(* Let $n\ge1$, $t_1<\dots<t_n$, $p_0,\dots,p_n>0$, $q_k=p_k^{-1/2}$, and let $a_k^\pm,b_k^\pm$ be the connection coefficients defined in the context. Then for every $\lambda\in(0,\infty)$, $$\frac{|b_0^+(\lambda)|^2}{q_0^2}+\frac{1}{q_0q_n}=\frac{|a_0^+(\lambda)|^2}{q_0^2}=\frac{|b_n^-(\lambda)|^2}{q_n^2}=\frac{1}{q_0q_n}+\frac{|a_n^-(\lambda)|^2}{q_n^2}.$$
   Context: For $z\in\mathbb{C}\setminus(-\infty,0]$, $\sqrt z$ is the principal square root. For $1\le k\le n$ let $$L_k(z)=\frac12\begin{bmatrix}\left(1+\frac{q_k}{q_{k-1}}\right)e^{it_k(q_{k-1}-q_k)\sqrt z} & \left(1-\frac{q_k}{q_{k-1}}\right)e^{-it_k(q_{k-1}+q_k)\sqrt z}\\ \left(1-\frac{q_k}{q_{k-1}}\right)e^{it_k(q_{k-1}+q_k)\sqrt z} & \left(1+\frac{q_k}{q_{k-1}}\right)e^{-it_k(q_{k-1}-q_k)\sqrt z}\end{bmatrix},\qquad R_k(z)=L_k(z)^{-1}.$$ The connection coefficients are $a_n^+=1$, $b_n^+=0$, $(a_l^+,b_l^+)^T=R_{l+1}(z)(a_{l+1}^+,b_{l+1}^+)^T$ for $l=n-1,\dots,0$; and $a_0^-=0$, $b_0^-=1$, $(a_j^-,b_j^-)^T=L_j(z)(a_{j-1}^-,b_{j-1}^-)^T$ for $j=1,\dots,n$. *)

theory Defs
  imports "HOL-Analysis.Analysis"
begin

definition qcoef :: "(nat \<Rightarrow> real) \<Rightarrow> nat \<Rightarrow> real" where
  "qcoef p k = p k powr (-1/2)"

definition Lmat :: "(nat \<Rightarrow> real) \<Rightarrow> (nat \<Rightarrow> real) \<Rightarrow> nat \<Rightarrow> complex \<Rightarrow> complex^2^2" where
  "Lmat t q k z =
    (let r = complex_of_real (q k / q (k - 1));
         s = csqrt z;
         tk = complex_of_real (t k);
         dm = complex_of_real (q (k - 1) - q k);
         dp = complex_of_real (q (k - 1) + q k)
     in vector [
          vector [(1/2) * (1 + r) * exp (\<i> * tk * dm * s), (1/2) * (1 - r) * exp (- \<i> * tk * dp * s)],
          vector [(1/2) * (1 - r) * exp (\<i> * tk * dp * s), (1/2) * (1 + r) * exp (- \<i> * tk * dm * s)]])"

definition Rmat :: "(nat \<Rightarrow> real) \<Rightarrow> (nat \<Rightarrow> real) \<Rightarrow> nat \<Rightarrow> complex \<Rightarrow> complex^2^2" where
  "Rmat t q k z = matrix_inv (Lmat t q k z)"

text \<open>plus_aux t q n z j = (a_{n-j}^+, b_{n-j}^+)\<close>
fun plus_aux :: "(nat \<Rightarrow> real) \<Rightarrow> (nat \<Rightarrow> real) \<Rightarrow> nat \<Rightarrow> complex \<Rightarrow> nat \<Rightarrow> complex^2" where
  "plus_aux t q n z 0 = vector [1, 0]"
| "plus_aux t q n z (Suc j) = Rmat t q (n - j) z *v plus_aux t q n z j"

definition coef_plus :: "(nat \<Rightarrow> real) \<Rightarrow> (nat \<Rightarrow> real) \<Rightarrow> nat \<Rightarrow> complex \<Rightarrow> nat \<Rightarrow> complex^2" where
  "coef_plus t q n z l = plus_aux t q n z (n - l)"

text \<open>coef_minus t q z j = (a_j^-, b_j^-)\<close>
fun coef_minus :: "(nat \<Rightarrow> real) \<Rightarrow> (nat \<Rightarrow> real) \<Rightarrow> complex \<Rightarrow> nat \<Rightarrow> complex^2" where
  "coef_minus t q z 0 = vector [0, 1]"
| "coef_minus t q z (Suc j) = Lmat t q (Suc j) z *v coef_minus t q z j"

end

theory Submission
  imports Defs
begin

text \<open>For real \<open>\<lambda> \<ge> 0\<close> the square root is real, so every \<open>L\<^sub>k(\<lambda>)\<close> has the shape
  \<open>[[u, v], [cnj v, cnj u]]\<close>; this shape is closed under products and its determinant is
  \<open>|u|\<^sup>2 - |v|\<^sup>2\<close>. Since \<open>det L\<^sub>k = q\<^sub>k / q\<^sub>k\<^sub>-\<^sub>1\<close>, the transfer matrix \<open>M = L\<^sub>n \<cdots> L\<^sub>1\<close> is
  \<open>[[U, V], [cnj V, cnj U]]\<close> with \<open>|U|\<^sup>2 - |V|\<^sup>2 = q\<^sub>n / q\<^sub>0\<close>. Now \<open>(a\<^sub>n\<^sup>-, b\<^sub>n\<^sup>-) = M (0, 1) = (V, cnj U)\<close>,
  while \<open>(a\<^sub>0\<^sup>+, b\<^sub>0\<^sup>+) = M\<^sup>-\<^sup>1 (1, 0) = (cnj U, - cnj V) / det M\<close> by Cramer's rule, and all four
  quantities of the theorem equal \<open>|U|\<^sup>2 / q\<^sub>n\<^sup>2\<close>.\<close>

lemma matrix_inv_right:
  fixes A :: "'a::semiring_1^'n^'m"
  assumes "invertible A"
  shows "A ** matrix_inv A = mat 1"
  using someI_ex[OF assms[unfolded invertible_def]] unfolding matrix_inv_def by blast

lemma matrix_vector_mult_2:
  fixes A :: "'a::semiring_1^2^2"
  shows "A *v x = vector [A$1$1 * x$1 + A$1$2 * x$2, A$2$1 * x$1 + A$2$2 * x$2]"
  by (simp add: vec_eq_iff forall_2 matrix_vector_mult_def sum_2)

lemma matrix_vector_mult_2_eq_unit:
  fixes M :: "'a::field^2^2"
  assumes "M *v x = vector [1, 0]" and "det M \<noteq> 0"
  shows "x$1 = M$2$2 / det M" and "x$2 = - M$2$1 / det M"
proof -
  have e1: "M$1$1 * x$1 + M$1$2 * x$2 = 1" and e2: "M$2$1 * x$1 + M$2$2 * x$2 = 0"
    using assms(1) by (simp_all add: matrix_vector_mult_2 vec_eq_iff forall_2)
  have "det M * x$1 = M$2$2 * (M$1$1 * x$1 + M$1$2 * x$2) - M$1$2 * (M$2$1 * x$1 + M$2$2 * x$2)"
    and "det M * x$2 = M$1$1 * (M$2$1 * x$1 + M$2$2 * x$2) - M$2$1 * (M$1$1 * x$1 + M$1$2 * x$2)"
    by (simp_all add: det_2 algebra_simps)
  with assms(2) show "x$1 = M$2$2 / det M" and "x$2 = - M$2$1 / det M"
    unfolding e1 e2 by (simp_all add: field_simps)
qed

definition su11_shaped :: "complex^2^2 \<Rightarrow> bool" where
  "su11_shaped M \<longleftrightarrow> M$2$1 = cnj (M$1$2) \<and> M$2$2 = cnj (M$1$1)"

lemma su11_shaped_mat_1: "su11_shaped (mat 1)"
  by (simp add: su11_shaped_def mat_def)

lemma su11_shaped_mult:
  assumes "su11_shaped A" and "su11_shaped B"
  shows "su11_shaped (A ** B)"
  using assms by (simp add: su11_shaped_def matrix_matrix_mult_def sum_2)

lemma det_su11_shaped:
  assumes "su11_shaped M"
  shows "det M = of_real ((cmod (M$1$1))\<^sup>2 - (cmod (M$1$2))\<^sup>2)"
  using assms unfolding su11_shaped_def det_2 of_real_diff complex_norm_square by simp

definition exp_pair_mat :: "complex \<Rightarrow> complex \<Rightarrow> complex \<Rightarrow> complex \<Rightarrow> complex^2^2" where
  "exp_pair_mat c d a b =
     vector [vector [c * exp a, d * exp (- b)], vector [d * exp b, c * exp (- a)]]"

lemma det_exp_pair_mat: "det (exp_pair_mat c d a b) = c\<^sup>2 - d\<^sup>2"
proof -
  have "exp w * exp (- w) = 1" for w :: complex by (simp flip: exp_add)
  then show ?thesis by (simp add: exp_pair_mat_def det_2 power2_eq_square algebra_simps)
qed

lemma su11_shaped_exp_pair_mat:
  "su11_shaped (exp_pair_mat (of_real c) (of_real d) (\<i> * of_real x) (\<i> * of_real y))"
  by (simp add: su11_shaped_def exp_pair_mat_def exp_cnj)

lemma Lmat_eq_exp_pair_mat:
  "Lmat t q k z = exp_pair_mat ((1 + r) / 2) ((1 - r) / 2)
      (\<i> * of_real (t k * (q (k - 1) - q k)) * csqrt z)
      (\<i> * of_real (t k * (q (k - 1) + q k)) * csqrt z)"
  if "r = of_real (q k / q (k - 1))"
  unfolding Lmat_def Let_def exp_pair_mat_def that by (simp add: mult.assoc)

lemma det_Lmat: "det (Lmat t q k z) = of_real (q k / q (k - 1))"
proof -
  have "((1 + r) / 2)\<^sup>2 - ((1 - r) / 2)\<^sup>2 = r" for r :: complex
    by (simp add: power2_eq_square field_simps)
  then show ?thesis by (simp add: Lmat_eq_exp_pair_mat[OF refl] det_exp_pair_mat)
qed

lemma su11_shaped_Lmat:
  assumes "lam \<ge> 0"
  shows "su11_shaped (Lmat t q k (of_real lam))"
proof -
  let ?r = "q k / q (k - 1)"
  have "Lmat t q k (of_real lam) = exp_pair_mat (of_real ((1 + ?r) / 2)) (of_real ((1 - ?r) / 2))
      (\<i> * of_real (t k * (q (k - 1) - q k) * sqrt lam))
      (\<i> * of_real (t k * (q (k - 1) + q k) * sqrt lam))"
    using assms by (simp add: Lmat_eq_exp_pair_mat[OF refl] csqrt_of_real mult.assoc)
  then show ?thesis by (simp only: su11_shaped_exp_pair_mat)
qed

fun transfer_mat :: "(nat \<Rightarrow> real) \<Rightarrow> (nat \<Rightarrow> real) \<Rightarrow> complex \<Rightarrow> nat \<Rightarrow> complex^2^2" where
  "transfer_mat t q z 0 = mat 1"
| "transfer_mat t q z (Suc m) = Lmat t q (Suc m) z ** transfer_mat t q z m"

lemma coef_minus_eq_transfer_mat: "coef_minus t q z m = transfer_mat t q z m *v vector [0, 1]"
  by (induction m) (simp_all add: matrix_vector_mul_assoc)

lemma det_transfer_mat:
  assumes "\<And>k. k \<le> m \<Longrightarrow> q k \<noteq> 0"
  shows "det (transfer_mat t q z m) = of_real (q m / q 0)"
  using assms
proof (induction m)
  case 0
  then show ?case by simp
next
  case (Suc m)
  then show ?case by (simp add: det_mul det_Lmat)
qed

lemma su11_shaped_transfer_mat:
  assumes "lam \<ge> 0"
  shows "su11_shaped (transfer_mat t q (of_real lam) m)"
  by (induction m) (simp_all add: su11_shaped_mat_1 su11_shaped_mult su11_shaped_Lmat assms)

lemma Lmat_mult_Rmat:
  assumes "q k \<noteq> 0" and "q (k - 1) \<noteq> 0"
  shows "Lmat t q k z ** Rmat t q k z = mat 1"
  unfolding Rmat_def
  by (rule matrix_inv_right) (use assms in \<open>simp add: invertible_det_nz det_Lmat\<close>)

lemma coef_plus_self: "coef_plus t q n z n = vector [1, 0]"
  by (simp add: coef_plus_def)

lemma coef_plus_eq_Rmat:
  assumes "l < n"
  shows "coef_plus t q n z l = Rmat t q (Suc l) z *v coef_plus t q n z (Suc l)"
proof -
  have "n - l = Suc (n - Suc l)" and "n - (n - Suc l) = Suc l" using assms by simp_all
  then show ?thesis unfolding coef_plus_def by simp
qed

lemma transfer_mat_coef_plus:
  assumes "\<And>k. k \<le> n \<Longrightarrow> q k \<noteq> 0" and "l \<le> n"
  shows "transfer_mat t q z l *v coef_plus t q n z 0 = coef_plus t q n z l"
  using assms(2)
proof (induction l)
  case 0
  then show ?case by simp
next
  case (Suc l)
  have "transfer_mat t q z (Suc l) *v coef_plus t q n z 0 = Lmat t q (Suc l) z *v coef_plus t q n z l"
    using Suc by (simp flip: matrix_vector_mul_assoc)
  also have "\<dots> = (Lmat t q (Suc l) z ** Rmat t q (Suc l) z) *v coef_plus t q n z (Suc l)"
    using Suc.prems by (simp add: coef_plus_eq_Rmat matrix_vector_mul_assoc)
  also have "\<dots> = coef_plus t q n z (Suc l)"
    using Suc.prems by (simp add: Lmat_mult_Rmat assms(1))
  finally show ?case .
qed

lemma connection_coefs_transfer_mat:
  fixes lam :: real and t q :: "nat \<Rightarrow> real" and n :: nat
  assumes "lam \<ge> 0" and q_nz: "\<And>k. k \<le> n \<Longrightarrow> q k \<noteq> 0"
  defines "M \<equiv> transfer_mat t q (of_real lam) n" and "D \<equiv> q n / q 0"
  shows "coef_minus t q (of_real lam) n = vector [M$1$2, cnj (M$1$1)]"
    and "coef_plus t q n (of_real lam) 0 = vector [cnj (M$1$1) / of_real D, - cnj (M$1$2) / of_real D]"
    and "(cmod (M$1$1))\<^sup>2 - (cmod (M$1$2))\<^sup>2 = D"
proof -
  have "su11_shaped M"
    unfolding M_def using assms(1) by (rule su11_shaped_transfer_mat)
  then have shaped: "M$2$1 = cnj (M$1$2)" "M$2$2 = cnj (M$1$1)"
    and "det M = of_real ((cmod (M$1$1))\<^sup>2 - (cmod (M$1$2))\<^sup>2)"
    by (simp_all add: su11_shaped_def det_su11_shaped)
  moreover have det_M: "det M = of_real D"
    unfolding M_def D_def by (rule det_transfer_mat) (simp add: q_nz)
  ultimately show "(cmod (M$1$1))\<^sup>2 - (cmod (M$1$2))\<^sup>2 = D"
    by (metis of_real_eq_iff)
  show "coef_minus t q (of_real lam) n = vector [M$1$2, cnj (M$1$1)]"
    by (simp add: coef_minus_eq_transfer_mat matrix_vector_mult_2 M_def[symmetric] shaped)
  have "D \<noteq> 0" using q_nz[of 0] q_nz[of n] by (simp add: D_def)
  moreover have "M *v coef_plus t q n (of_real lam) 0 = vector [1, 0]"
    using transfer_mat_coef_plus[of n q n t] q_nz by (simp add: M_def coef_plus_self)
  note matrix_vector_mult_2_eq_unit[OF this]
  ultimately show "coef_plus t q n (of_real lam) 0
      = vector [cnj (M$1$1) / of_real D, - cnj (M$1$2) / of_real D]"
    by (simp add: vec_eq_iff forall_2 det_M shaped)
qed

theorem corollary3p5:
  fixes n :: nat and t p :: "nat \<Rightarrow> real" and lam :: real
  assumes "n \<ge> 1"
    and "\<And>i j. 1 \<le> i \<Longrightarrow> i < j \<Longrightarrow> j \<le> n \<Longrightarrow> t i < t j"
    and "\<And>k. k \<le> n \<Longrightarrow> p k > 0"
    and "lam > 0"
  defines "q \<equiv> qcoef p"
  defines "ap \<equiv> coef_plus t q n (complex_of_real lam) 0 $ 1"
      and "bp \<equiv> coef_plus t q n (complex_of_real lam) 0 $ 2"
      and "am \<equiv> coef_minus t q (complex_of_real lam) n $ 1"
      and "bm \<equiv> coef_minus t q (complex_of_real lam) n $ 2"
  shows "(cmod bp)\<^sup>2 / (q 0)\<^sup>2 + 1 / (q 0 * q n) = (cmod ap)\<^sup>2 / (q 0)\<^sup>2
       \<and> (cmod ap)\<^sup>2 / (q 0)\<^sup>2 = (cmod bm)\<^sup>2 / (q n)\<^sup>2
       \<and> (cmod bm)\<^sup>2 / (q n)\<^sup>2 = 1 / (q 0 * q n) + (cmod am)\<^sup>2 / (q n)\<^sup>2"
proof -
  let ?z = "complex_of_real lam"
  define M where "M = transfer_mat t q ?z n"
  define D where "D = q n / q 0"
  have q_nz: "q k \<noteq> 0" if "k \<le> n" for k
    using assms(3)[OF that] by (simp add: q_def qcoef_def)
  note coefs = connection_coefs_transfer_mat[of lam n q t, folded M_def D_def]
  have "cmod ap = cmod (M$1$1) / \<bar>D\<bar>" "cmod bp = cmod (M$1$2) / \<bar>D\<bar>"
    "cmod am = cmod (M$1$2)" "cmod bm = cmod (M$1$1)"
    using coefs(1,2) q_nz assms(4) by (simp_all add: ap_def bp_def am_def bm_def norm_divide)
  moreover have "(cmod (M$1$1))\<^sup>2 = D + (cmod (M$1$2))\<^sup>2"
    using coefs(3) q_nz assms(4) by simp
  moreover have "q n = D * q 0" "D \<noteq> 0" using q_nz[of 0] q_nz[of n] by (simp_all add: D_def)
  ultimately show ?thesis
    using q_nz[of 0] by (simp add: power_divide power_mult_distrib)
      (simp add: field_simps power2_eq_square power4_eq_xxxx)
qed

end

----

_About this task_: Which lines in the records contain the word "imports"? Copy each one.

_Task solution_:
  imports "HOL-Analysis.Analysis"
  imports Defs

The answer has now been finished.